[Entries taken from a collection]
(* Let $\mathcal{G}$ be a connected simple undirected graph on $N$ nodes, $G=(D+I_N)^{-1}(A+I_N)$, $T>0$ and $g<0$. Let $\Gamma=e^{gT}I_N-(e^{gT}-1)G$. Then every eigenvalue $\mu$ of $\Gamma$ is real and satisfies $-1<\mu\le 1$, $\mu=1$ is an eigenvalue of algebraic multiplicity one, and $\Gamma\mathbf{1}_N=\mathbf{1}_N$. Moreover, every solution of $\dot x(t)=gx(t)-gGx(kT)$ for $t\in[kT,(k+1)T)$, $k=0,1,2,\dots$ (with $x$ continuous) satisfies $x((k+1)T)=\Gamma x(kT)$ for all $k\ge 0$.
   Context: $A$ is the adjacency matrix and $D$ the degree matrix of the graph; $\mathbf{1}_N$ is the all-ones vector. *)

theory Defs
  imports Complex_Main "Jordan_Normal_Form.Char_Poly" "Jordan_Normal_Form.Gauss_Jordan_Elimination"
begin

text \<open>A simple undirected graph on the vertex set {0..<N} is given by a symmetric,
irreflexive adjacency relation E (only its restriction to {0..<N} matters).\<close>

definition simple_graph :: "nat \<Rightarrow> (nat \<Rightarrow> nat \<Rightarrow> bool) \<Rightarrow> bool" where
  "simple_graph N E \<longleftrightarrow> (\<forall>i<N. \<forall>j<N. E i j \<longleftrightarrow> E j i) \<and> (\<forall>i<N. \<not> E i i)"

definition graph_connected :: "nat \<Rightarrow> (nat \<Rightarrow> nat \<Rightarrow> bool) \<Rightarrow> bool" where
  "graph_connected N E \<longleftrightarrow> N > 0 \<and>
     (\<forall>i<N. \<forall>j<N. (\<lambda>u v. u < N \<and> v < N \<and> E u v)\<^sup>*\<^sup>* i j)"

definition adj_mat :: "nat \<Rightarrow> (nat \<Rightarrow> nat \<Rightarrow> bool) \<Rightarrow> real mat" where
  "adj_mat N E = mat N N (\<lambda>(i, j). if E i j then 1 else 0)"

definition degree :: "nat \<Rightarrow> (nat \<Rightarrow> nat \<Rightarrow> bool) \<Rightarrow> nat \<Rightarrow> nat" where
  "degree N E i = card {j. j < N \<and> E i j}"

definition deg_mat :: "nat \<Rightarrow> (nat \<Rightarrow> nat \<Rightarrow> bool) \<Rightarrow> real mat" where
  "deg_mat N E = mat N N (\<lambda>(i, j). if i = j then real (degree N E i) else 0)"

text \<open>G = (D + I)^{-1} (A + I); D + I is invertible (positive diagonal).\<close>
definition G_mat :: "nat \<Rightarrow> (nat \<Rightarrow> nat \<Rightarrow> bool) \<Rightarrow> real mat" where
  "G_mat N E = the (mat_inverse (deg_mat N E + 1\<^sub>m N)) * (adj_mat N E + 1\<^sub>m N)"

definition Gamma_mat :: "nat \<Rightarrow> (nat \<Rightarrow> nat \<Rightarrow> bool) \<Rightarrow> real \<Rightarrow> real \<Rightarrow> real mat" where
  "Gamma_mat N E g T = exp (g * T) \<cdot>\<^sub>m 1\<^sub>m N - (exp (g * T) - 1) \<cdot>\<^sub>m G_mat N E"

definition ones_vec :: "nat \<Rightarrow> real vec" where
  "ones_vec N = vec N (\<lambda>_. 1)"

end

theory Submission
  imports Defs "Jordan_Normal_Form.Jordan_Normal_Form_Uniqueness" "Jordan_Normal_Form.Jordan_Normal_Form_Existence"
begin

(* Write d_i for the degree of node i.  G = (D + I)^-1 (A + I) is self-adjoint for the inner
   product with weights d_i + 1, hence so is Gamma = e^(gT) I + (1 - e^(gT)) G, and its
   eigenvalues are real.  For a real eigenvector u of G the Rayleigh quotient is
   (|u|^2 + u.Au) / (|u|^2 + u.Du), and the Laplacian and signless Laplacian forms
   u.(D -+ A)u = 1/2 sum_ij a_ij (u_i -+ u_j)^2 >= 0 place it in (-1, 1]; hence the
   eigenvalues of Gamma lie in (2 e^(gT) - 1, 1].  Since G 1 = 1 and Gamma - I is a nonzero
   multiple of G - I, the kernel of (Gamma - I)^2 consists of the vectors u with G u = u + c 1
   for some c; summing the rows gives c = 0, and a G-harmonic vector is constant on a
   connected graph.  So the Jordan form of Gamma has a single block of size 1 for the
   eigenvalue 1.  Finally, on [kT, (k+1)T) every coordinate solves a scalar linear ODE with
   the constant input (G x(kT))_i, whose explicit solution is x((k+1)T) = Gamma x(kT). *)

hide_const (open) Coset.order

section \<open>Linear algebra\<close>

lemma mult_mat_vec_index_sum:
  assumes "A \<in> carrier_mat n m" and "v \<in> carrier_vec m" and "i < n"
  shows "(A *\<^sub>v v) $ i = (\<Sum>j<m. A $$ (i, j) * v $ j)"
  using assms by (simp add: scalar_prod_def lessThan_atLeast0)

lemma Re_of_real_mult_mat_vec:
  fixes A :: "real mat"
  assumes "A \<in> carrier_mat n m" and "v \<in> carrier_vec m"
  shows "map_vec Re (map_mat of_real A *\<^sub>v v) = A *\<^sub>v map_vec Re v"
  using assms by (intro eq_vecI) (auto simp: scalar_prod_def Re_sum)

lemma Im_of_real_mult_mat_vec:
  fixes A :: "real mat"
  assumes "A \<in> carrier_mat n m" and "v \<in> carrier_vec m"
  shows "map_vec Im (map_mat of_real A *\<^sub>v v) = A *\<^sub>v map_vec Im v"
  using assms by (intro eq_vecI) (auto simp: scalar_prod_def Im_sum)

lemma of_real_eigenvectorE:
  fixes A :: "real mat"
  assumes A: "A \<in> carrier_mat n n" and ev: "eigenvector (map_mat of_real A) v \<mu>"
  obtains x y where "x \<in> carrier_vec n" and "y \<in> carrier_vec n" and "x \<noteq> 0\<^sub>v n \<or> y \<noteq> 0\<^sub>v n"
    and "A *\<^sub>v x = Re \<mu> \<cdot>\<^sub>v x - Im \<mu> \<cdot>\<^sub>v y" and "A *\<^sub>v y = Re \<mu> \<cdot>\<^sub>v y + Im \<mu> \<cdot>\<^sub>v x"
proof
  have v: "v \<in> carrier_vec n" "v \<noteq> 0\<^sub>v n" "map_mat of_real A *\<^sub>v v = \<mu> \<cdot>\<^sub>v v"
    using ev A unfolding eigenvector_def by auto
  show "map_vec Re v \<in> carrier_vec n" "map_vec Im v \<in> carrier_vec n"
    using v(1) by auto
  show "map_vec Re v \<noteq> 0\<^sub>v n \<or> map_vec Im v \<noteq> 0\<^sub>v n"
    using v(1,2) by (auto simp: vec_eq_iff complex_eq_iff)
  show "A *\<^sub>v map_vec Re v = Re \<mu> \<cdot>\<^sub>v map_vec Re v - Im \<mu> \<cdot>\<^sub>v map_vec Im v"
    using arg_cong[OF v(3), of "map_vec Re"] v(1)
    by (auto simp: Re_of_real_mult_mat_vec[OF A v(1), symmetric] intro!: eq_vecI)
  show "A *\<^sub>v map_vec Im v = Re \<mu> \<cdot>\<^sub>v map_vec Im v + Im \<mu> \<cdot>\<^sub>v map_vec Re v"
    using arg_cong[OF v(3), of "map_vec Im"] v(1)
    by (auto simp: Im_of_real_mult_mat_vec[OF A v(1), symmetric] intro!: eq_vecI)
qed

lemma weighted_sum_squares_pos:
  fixes u :: "real vec"
  assumes "u \<in> carrier_vec n" and "u \<noteq> 0\<^sub>v n" and "\<And>i. i < n \<Longrightarrow> 0 < w i"
  shows "0 < (\<Sum>i<n. w i * (u $ i)\<^sup>2)"
proof -
  obtain i where "i < n" "u $ i \<noteq> 0"
    using assms(1,2) by (auto simp: vec_eq_iff)
  with assms(3) show ?thesis
    by (intro sum_pos2[of _ i]) (auto intro!: mult_nonneg_nonneg simp: less_imp_le)
qed

lemma self_adjoint_eigenvalue_real:
  fixes A :: "real mat" and w :: "nat \<Rightarrow> real" and \<mu> :: complex
  assumes A: "A \<in> carrier_mat n n" and w: "\<And>i. i < n \<Longrightarrow> 0 < w i"
    and self_adjoint: "\<And>x y. x \<in> carrier_vec n \<Longrightarrow> y \<in> carrier_vec n \<Longrightarrow>
      (\<Sum>i<n. w i * x $ i * (A *\<^sub>v y) $ i) = (\<Sum>i<n. w i * y $ i * (A *\<^sub>v x) $ i)"
    and ev: "eigenvalue (map_mat of_real A) \<mu>"
  shows "\<mu> \<in> \<real>"
proof -
  from ev obtain v where "eigenvector (map_mat of_real A) v \<mu>"
    unfolding eigenvalue_def by blast
  then obtain x y where x: "x \<in> carrier_vec n" and y: "y \<in> carrier_vec n"
    and nz: "x \<noteq> 0\<^sub>v n \<or> y \<noteq> 0\<^sub>v n"
    and Ax: "A *\<^sub>v x = Re \<mu> \<cdot>\<^sub>v x - Im \<mu> \<cdot>\<^sub>v y" and Ay: "A *\<^sub>v y = Re \<mu> \<cdot>\<^sub>v y + Im \<mu> \<cdot>\<^sub>v x"
    by (rule of_real_eigenvectorE[OF A])
  define inner :: "real vec \<Rightarrow> real vec \<Rightarrow> real" where
    "inner a b = (\<Sum>i<n. w i * a $ i * b $ i)" for a b
  have "(\<Sum>i<n. w i * y $ i * (A *\<^sub>v x) $ i) = Re \<mu> * inner y x - Im \<mu> * inner y y"
    using x y by (simp add: Ax inner_def sum_subtractf sum_distrib_left algebra_simps)
  moreover have "(\<Sum>i<n. w i * x $ i * (A *\<^sub>v y) $ i) = Re \<mu> * inner x y + Im \<mu> * inner x x"
    using x y by (simp add: Ay inner_def sum.distrib sum_distrib_left algebra_simps)
  moreover have "inner x y = inner y x"
    unfolding inner_def by (simp add: algebra_simps)
  ultimately have "Im \<mu> * (inner x x + inner y y) = 0"
    using self_adjoint[OF x y] by (simp add: algebra_simps)
  moreover have "0 < inner x x + inner y y"
  proof -
    have pos: "0 < inner u u" if "u \<in> carrier_vec n" "u \<noteq> 0\<^sub>v n" for u
    proof -
      have "0 < (\<Sum>i<n. w i * (u $ i)\<^sup>2)"
        by (rule weighted_sum_squares_pos[OF that w])
      then show ?thesis
        unfolding inner_def by (simp add: power2_eq_square mult.assoc)
    qed
    have nonneg: "0 \<le> inner u u" for u
      unfolding inner_def using w
      by (auto simp: mult.assoc less_imp_le intro!: sum_nonneg mult_nonneg_nonneg[OF _ zero_le_square])
    show ?thesis
      using pos[OF x] pos[OF y] nonneg[of x] nonneg[of y] nz by (meson add_nonneg_pos add_pos_nonneg)
  qed
  ultimately show ?thesis
    by (simp add: complex_is_Real_iff)
qed

lemma of_real_eigenvalue_Re:
  fixes A :: "real mat" and \<mu> :: complex
  assumes A: "A \<in> carrier_mat n n" and ev: "eigenvalue (map_mat of_real A) \<mu>" and "\<mu> \<in> \<real>"
  shows "eigenvalue A (Re \<mu>)"
proof -
  have "Im \<mu> = 0"
    using \<open>\<mu> \<in> \<real>\<close> by (simp add: complex_is_Real_iff)
  from ev obtain v where "eigenvector (map_mat of_real A) v \<mu>"
    unfolding eigenvalue_def by blast
  then obtain x y where x: "x \<in> carrier_vec n" and y: "y \<in> carrier_vec n"
    and nz: "x \<noteq> 0\<^sub>v n \<or> y \<noteq> 0\<^sub>v n"
    and "A *\<^sub>v x = Re \<mu> \<cdot>\<^sub>v x - Im \<mu> \<cdot>\<^sub>v y" "A *\<^sub>v y = Re \<mu> \<cdot>\<^sub>v y + Im \<mu> \<cdot>\<^sub>v x"
    by (rule of_real_eigenvectorE[OF A])
  with \<open>Im \<mu> = 0\<close> A have "A *\<^sub>v x = Re \<mu> \<cdot>\<^sub>v x" "A *\<^sub>v y = Re \<mu> \<cdot>\<^sub>v y"
    by (auto simp: vec_eq_iff)
  with x y nz A show ?thesis
    unfolding eigenvalue_def eigenvector_def by auto
qed

lemma mat_inverse_eqI:
  fixes A B :: "'a :: field mat"
  assumes A: "A \<in> carrier_mat n n" and B: "B \<in> carrier_mat n n"
    and BA: "B * A = 1\<^sub>m n" and AB: "A * B = 1\<^sub>m n"
  shows "mat_inverse A = Some B"
proof (cases "mat_inverse A")
  case None
  have "A \<in> Units (ring_mat TYPE('a) n ())"
    using A B BA AB unfolding Units_def ring_mat_def by auto
  with mat_inverse(1)[OF A None, of "()"] show ?thesis by contradiction
next
  case (Some B')
  with mat_inverse(2)[OF A] have AB': "A * B' = 1\<^sub>m n" and B': "B' \<in> carrier_mat n n"
    by auto
  have "B' = (B * A) * B'"
    using B' by (simp add: BA)
  also have "\<dots> = B * (A * B')"
    by (rule assoc_mult_mat[OF B A B'])
  also have "\<dots> = B"
    using B by (simp add: AB')
  finally show ?thesis
    using Some by simp
qed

→ **Directions for this task**
Reprint exactly the lines above that start at the one with "the (mat_inverse (deg_mat" and end at the one with "(|u|^2 + u.Au)", keeping both and adding none.

→ **Reply**
  "G_mat N E = the (mat_inverse (deg_mat N E + 1\<^sub>m N)) * (adj_mat N E + 1\<^sub>m N)"

definition Gamma_mat :: "nat \<Rightarrow> (nat \<Rightarrow> nat \<Rightarrow> bool) \<Rightarrow> real \<Rightarrow> real \<Rightarrow> real mat" where
  "Gamma_mat N E g T = exp (g * T) \<cdot>\<^sub>m 1\<^sub>m N - (exp (g * T) - 1) \<cdot>\<^sub>m G_mat N E"

definition ones_vec :: "nat \<Rightarrow> real vec" where
  "ones_vec N = vec N (\<lambda>_. 1)"

end

theory Submission
  imports Defs "Jordan_Normal_Form.Jordan_Normal_Form_Uniqueness" "Jordan_Normal_Form.Jordan_Normal_Form_Existence"
begin

(* Write d_i for the degree of node i.  G = (D + I)^-1 (A + I) is self-adjoint for the inner
   product with weights d_i + 1, hence so is Gamma = e^(gT) I + (1 - e^(gT)) G, and its
   eigenvalues are real.  For a real eigenvector u of G the Rayleigh quotient is
   (|u|^2 + u.Au) / (|u|^2 + u.Du), and the Laplacian and signless Laplacian forms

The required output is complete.